The Lost City

The Lost City

Grace Vitaglione, Podcast Director

The following is an abridged version of this semester’s episode of Ripped From the Wall, AWOL’s investigative news podcast. To listen to the full version of the story, including additional interviews and narration, you can listen to the audio file below, find it on Spotify, or download it wherever you find podcasts.

This semester, Ripped from the Wall dove into the story of Reno, the lost city that Fort Reno Park and Alice Deal Middle School in Tenleytown were built on in the mid 1900s. The story of what happened to this primarily Black community is one that embodies the hidden violences of Washington’s development.

Neil Flanagan, a scholar on Ward 3’s history, said Reno began as a former slave plantation that was sold off in parts until it became a small farming community. Black farmers formed a community in the area. A small group of wealthy African Americans moved there later on, bringing connections and more legal power. But as white suburbs rose up around Reno, the people moving there wanted neighborhoods without Black people.

A group of white landowners convened in February 1924 and decided to clear Reno. They were backed by the Chevy Chase Land Company, a major landowner and patron of Frederick Law Olmstead, Jr., the architect who designed American University’s campus. A prominent African American lawyer named James Neil fought back.

“He’s able to successfully expose what a farce these plans are,” said Flanagan.

Neil started to lose when the same group of landowners were able to get small projects approved for funding, and stipulated that those projects had to be built in Reno. From there, the community was slowly cleared as developers bought up land.

Flanagan said that while it’s important to know about the racist actions taken against Reno, the specific violence is not the point.

“It’s really important to understand not just that but what was lost and the complexity of that community,” he said.

James Fisher spoke October 23 at a rally for affordable housing, where he told the story of how his family’s land was taken. Fisher’s grandfather is Captain George Pointer, the last superintendent of the Potomac Canal Company at Great Falls. Pointer was born into slavery and bought his own freedom when he was 18.

Pointer bought land in Northwest Washington that remained in his family for decades. But as white families moved to the area, developers started to create white only neighborhoods. The federal government used eminent domain to buy Pointer’s land in the 1920s to build a school for white children.

“The taking of that land destroyed my family,” said Pointer.

Fisher campaigned for the renaming of the park where his ancestor’s land used to be: it’s now Lafayette Pointer Park instead of Lafayette Park. But the remains of the cottage where Pointer lived were destroyed, because the area was a popular spot for canoeing.

The systematic displacement of Black communities in Washington has deep psychological effects, said Professor Charles Jermaine Jones, who teaches English at AU. He also said these mental effects are tied to legacies of slavery.

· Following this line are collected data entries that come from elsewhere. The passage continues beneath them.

lemma softmax_block_lipschitz:
  assumes "length x' = length x" "linf x \<le> B" "linf x' \<le> B"
  shows "linf_dist (apply_block Softmax x') (apply_block Softmax x)
    \<le> (exp (2 * B) + real (length x) * exp (4 * B)) * linf_dist x' x"
proof (rule linf_dist_le)
  define \<delta> where "\<delta> = linf_dist x' x"
  define S where "S = (\<Sum>t\<leftarrow>x. exp t)"
  define S' where "S' = (\<Sum>t\<leftarrow>x'. exp t)"
  show "length (apply_block Softmax x') = length (apply_block Softmax x)"
    using assms by simp
  show "0 \<le> (exp (2 * B) + real (length x) * exp (4 * B)) * linf_dist x' x"
    by (simp add: linf_nonneg)
  fix i assume "i < length (apply_block Softmax x')"
  then have i: "i < length x" "i < length x'" using assms(1) by auto
  have bounded: "\<bar>x ! i\<bar> \<le> B" "\<bar>x' ! i\<bar> \<le> B"
    using nth_le_linf[OF i(1)] nth_le_linf[OF i(2)] assms(2,3) by auto
  have "exp (x ! i) \<le> S" "exp (x' ! i) \<le> S'"
    unfolding S_def S'_def using i by (auto intro!: member_le_sum_list)
  moreover have "exp (- B) \<le> exp (x ! i)" "exp (- B) \<le> exp (x' ! i)"
    using bounded by auto
  ultimately have "exp (- B) \<le> S" "exp (- B) \<le> S'" by linarith+
  moreover have "0 \<le> exp (x ! i)" "exp (x ! i) \<le> exp B" using bounded by auto
  moreover have "\<bar>exp (x' ! i) - exp (x ! i)\<bar> \<le> exp B * \<delta>"
  proof -
    have "\<bar>exp (x' ! i) - exp (x ! i)\<bar> \<le> exp B * \<bar>x' ! i - x ! i\<bar>"
      using bounded by (intro abs_exp_diff_le) auto
    also have "\<dots> \<le> exp B * \<delta>"
      using nth_diff_le_linf_dist[of x' x i] i assms(1) by (simp add: \<delta>_def)
    finally show ?thesis .
  qed
  moreover have "\<bar>S' - S\<bar> \<le> real (length x) * exp B * \<delta>"
    unfolding S_def S'_def \<delta>_def using assms by (rule abs_sum_exp_diff_le)
  ultimately have "\<bar>exp (x' ! i) / S' - exp (x ! i) / S\<bar>
      \<le> exp B * \<delta> / exp (- B) + exp B * (real (length x) * exp B * \<delta>) / (exp (- B) * exp (- B))"
    by (intro abs_quotient_diff_le) auto
  also have "\<dots> = (exp (2 * B) + real (length x) * exp (4 * B)) * \<delta>"
    by (simp add: exp_minus field_simps flip: exp_add)
  finally show "\<bar>apply_block Softmax x' ! i - apply_block Softmax x ! i\<bar>
      \<le> (exp (2 * B) + real (length x) * exp (4 * B)) * linf_dist x' x"
    using i by (simp add: S_def S'_def \<delta>_def)
qed

lemma block_approx_error:
  fixes p :: "nat \<Rightarrow> real poly"
  assumes hp: "\<And>\<alpha> a b. a \<in> {0..1} \<Longrightarrow> b \<in> {0..1} \<Longrightarrow> \<bar>m_alpha p \<alpha> a b - max a b\<bar> \<le> (1/2) ^ \<alpha>"
    and "0 < B" and wf: "wf_block d b"
  shows "\<exists>K\<ge>0. \<exists>C. \<forall>\<alpha> x x'. 4 \<le> \<alpha> \<longrightarrow> length x = d \<longrightarrow> length x' = d \<longrightarrow> linf x \<le> B \<longrightarrow> linf x' \<le> B \<longrightarrow>
    linf_dist (apply_block_approx p \<alpha> B b x') (apply_block b x) \<le> K * linf_dist x' x + C * (1/2) ^ \<alpha>"
proof (cases b)
  case (Linear A c)
  have "0 \<le> (\<Sum>row\<leftarrow>A. \<Sum>a\<leftarrow>row. \<bar>a\<bar>)"
    by (auto intro!: sum_list_nonneg)
  with Linear show ?thesis
    using linear_block_lipschitz[of d A c] wf
    by (intro exI[of _ "\<Sum>row\<leftarrow>A. \<Sum>a\<leftarrow>row. \<bar>a\<bar>"]) (auto intro!: exI[of _ 0])
next
  case ReLU
  then show ?thesis
    using relu_block_error[OF hp \<open>0 < B\<close>] by (intro exI[of _ 1]) (auto intro!: exI[of _ B])
next
  case (MaxPool k0 ws)
  then show ?thesis
    using maxpool_block_error[OF hp _ \<open>0 < B\<close> wf[unfolded MaxPool]]
    by (intro exI[of _ 1]) (auto intro!: exI[of _ "56 * B"])
next
  case Softmax
  then show ?thesis
    using softmax_block_lipschitz[of _ _ B]
    by (intro exI[of _ "exp (2 * B) + real d * exp (4 * B)"]) (auto intro!: exI[of _ 0])
qed

lemma eval_model_Cons [simp]: "eval_model (b # bs) x = eval_model bs (apply_block b x)"
  by (simp add: eval_model_def)

lemma eval_model_approx_Cons [simp]:
  "eval_model_approx p \<alpha> B (b # bs) x = eval_model_approx p \<alpha> B bs (apply_block_approx p \<alpha> B b x)"
  by (simp add: eval_model_approx_def)

lemma model_approx_error:
  fixes p :: "nat \<Rightarrow> real poly"
  assumes hp: "\<And>\<alpha> a b. a \<in> {0..1} \<Longrightarrow> b \<in> {0..1} \<Longrightarrow> \<bar>m_alpha p \<alpha> a b - max a b\<bar> \<le> (1/2) ^ \<alpha>"
    and "0 < B" and "wf_model d bs"
  shows "\<exists>K\<ge>0. \<exists>C. \<forall>\<alpha> x x'. 4 \<le> \<alpha> \<longrightarrow> length x = d \<longrightarrow> length x' = d \<longrightarrow>
    (\<forall>j<length bs. linf (eval_model (take j bs) x) \<le> B \<and> linf (eval_model_approx p \<alpha> B (take j bs) x') \<le> B) \<longrightarrow>
    linf_dist (eval_model_approx p \<alpha> B bs x') (eval_model bs x) \<le> K * linf_dist x' x + C * (1/2) ^ \<alpha>"
  using assms(3)
proof (induction bs arbitrary: d)
  case Nil
  show ?case
    by (intro exI[of _ 1]) (auto intro!: exI[of _ 0] simp: eval_model_def eval_model_approx_def)
next
  case (Cons b bs)
  then have wf: "wf_block d b" "wf_model (out_dim d b) bs" by simp_all
  obtain K\<^sub>1 C\<^sub>1 where "0 \<le> K\<^sub>1" and block: "\<forall>\<alpha> x x'. 4 \<le> \<alpha> \<longrightarrow> length x = d \<longrightarrow> length x' = d \<longrightarrow>
      linf x \<le> B \<longrightarrow> linf x' \<le> B \<longrightarrow>
      linf_dist (apply_block_approx p \<alpha> B b x') (apply_block b x) \<le> K\<^sub>1 * linf_dist x' x + C\<^sub>1 * (1/2) ^ \<alpha>"
    using block_approx_error[OF hp \<open>0 < B\<close> wf(1)] by blast
  obtain K\<^sub>2 C\<^sub>2 where "0 \<le> K\<^sub>2" and rest: "\<forall>\<alpha> x x'. 4 \<le> \<alpha> \<longrightarrow> length x = out_dim d b \<longrightarrow> length x' = out_dim d b \<longrightarrow>
      (\<forall>j<length bs. linf (eval_model (take j bs) x) \<le> B \<and> linf (eval_model_approx p \<alpha> B (take j bs) x') \<le> B) \<longrightarrow>
      linf_dist (eval_model_approx p \<alpha> B bs x') (eval_model bs x) \<le> K\<^sub>2 * linf_dist x' x + C\<^sub>2 * (1/2) ^ \<alpha>"
    using Cons.IH[OF wf(2)] by blast
  show ?case
  proof (rule exI[of _ "K\<^sub>2 * K\<^sub>1"], intro conjI exI[of _ "K\<^sub>2 * C\<^sub>1 + C\<^sub>2"] allI impI)
    show "0 \<le> K\<^sub>2 * K\<^sub>1" using \<open>0 \<le> K\<^sub>1\<close> \<open>0 \<le> K\<^sub>2\<close> by simp
    fix \<alpha> :: nat and x x' :: "real list"
    assume "4 \<le> \<alpha>" "length x = d" "length x' = d"
      and bounded: "\<forall>j<length (b # bs). linf (eval_model (take j (b # bs)) x) \<le> B
        \<and> linf (eval_model_approx p \<alpha> B (take j (b # bs)) x') \<le> B"
    define y where "y = apply_block b x"
    define y' where "y' = apply_block_approx p \<alpha> B b x'"
    have "linf x \<le> B" "linf x' \<le> B"
      using bounded[rule_format, of 0] by (simp_all add: eval_model_def eval_model_approx_def)
    then have "linf_dist y' y \<le> K\<^sub>1 * linf_dist x' x + C\<^sub>1 * (1/2) ^ \<alpha>"
      using block \<open>4 \<le> \<alpha>\<close> \<open>length x = d\<close> \<open>length x' = d\<close> by (simp add: y_def y'_def)
    then have "K\<^sub>2 * linf_dist y' y \<le> K\<^sub>2 * (K\<^sub>1 * linf_dist x' x + C\<^sub>1 * (1/2) ^ \<alpha>)"
      using \<open>0 \<le> K\<^sub>2\<close> by (rule mult_left_mono)
    moreover have "\<forall>j<length bs. linf (eval_model (take j bs) y) \<le> B
        \<and> linf (eval_model_approx p \<alpha> B (take j bs) y') \<le> B"
      using bounded by (auto simp: y_def y'_def dest: spec[of _ "Suc _"])
    then have "linf_dist (eval_model_approx p \<alpha> B bs y') (eval_model bs y)
        \<le> K\<^sub>2 * linf_dist y' y + C\<^sub>2 * (1/2) ^ \<alpha>"
      using rest \<open>4 \<le> \<alpha>\<close> wf(1) \<open>length x = d\<close> \<open>length x' = d\<close> by (simp add: y_def y'_def)
    ultimately show "linf_dist (eval_model_approx p \<alpha> B (b # bs) x') (eval_model (b # bs) x)
        \<le> K\<^sub>2 * K\<^sub>1 * linf_dist x' x + (K\<^sub>2 * C\<^sub>1 + C\<^sub>2) * (1/2) ^ \<alpha>"
      by (simp add: y_def y'_def algebra_simps)
  qed
qed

”There’s a mindset of not belonging.” Jones said. “And gentrification is a reminder of that not belonging.”

Some Washington residents today are fighting for housing justice. At the rally where Fisher spoke, students from Woodrow Wilson High School campaigned for affordable housing in Ward 3.

“We need to raise awareness about Reno,” said Salif Bumbaugh, a senior at the school. “It’s a large neighborhood that was dismantled and residents have no idea.”